> **Exercise goal**: Could you print, exactly as they stand, the lines from the one holding "M :: complex^4^4, i.e." to the end of the data below, and nothing more?

> **Data section**:
(* Let $f=c_0x_0^3+c_1x_1^3+c_2x_2^3+c_3x_3^3+c_4x_4^3$ with $x_4:=-x_0-x_1-x_2-x_3$, where exactly one of $c_0,\dots,c_4$ is zero and the other four are nonzero. Then $H(f)$ is a well-defined projective $3$-plane and $H(f)\cap X_2$ consists of $6$ lines (in particular it is not finite, so $f$ lies on the Hessian discriminant).
   Context: $\mathbb{P}^9$ denotes the projective space of quadratic forms in $x_0,\dots,x_3$; $X_2\subset\mathbb{P}^9$ is the variety of quadratic forms of rank $\le2$. For a cubic form $f$ in $x_0,\dots,x_3$ whose four partial derivatives are linearly independent, $H(f)\subset\mathbb{P}^9$ is the projective $3$-plane spanned by $\partial f/\partial x_0,\dots,\partial f/\partial x_3$. $f$ lies on the Hessian discriminant iff $H(f)\cap X_2$ does not consist of $10$ reduced points. *)

theory Defs
  imports "HOL-Analysis.Analysis"
begin

text \<open>Variables x0,...,x3 are indexed by the type 4 (elements of_nat 0, ..., of_nat 3).
  A quadratic form in x0..x3 is represented by its symmetric coefficient matrix
  M :: complex^4^4, i.e. q(x) = sum_i sum_j M_ij x_i x_j; the space of quadratic forms
  (symmetric matrices) is the affine cone over P^9.  A cubic form is represented by its
  symmetric coefficient tensor T, i.e. f(x) = sum_i sum_j sum_k T i j k x_i x_j x_k.\<close>

definition qform :: "complex^4^4 \<Rightarrow> complex^4 \<Rightarrow> complex" where
  "qform M x = (\<Sum>i\<in>UNIV. \<Sum>j\<in>UNIV. M$i$j * x$i * x$j)"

> **Output**:
  M :: complex^4^4, i.e. q(x) = sum_i sum_j M_ij x_i x_j; the space of quadratic forms
  (symmetric matrices) is the affine cone over P^9.  A cubic form is represented by its
  symmetric coefficient tensor T, i.e. f(x) = sum_i sum_j sum_k T i j k x_i x_j x_k.\<close>

definition qform :: "complex^4^4 \<Rightarrow> complex^4 \<Rightarrow> complex" where
  "qform M x = (\<Sum>i\<in>UNIV. \<Sum>j\<in>UNIV. M$i$j * x$i * x$j)"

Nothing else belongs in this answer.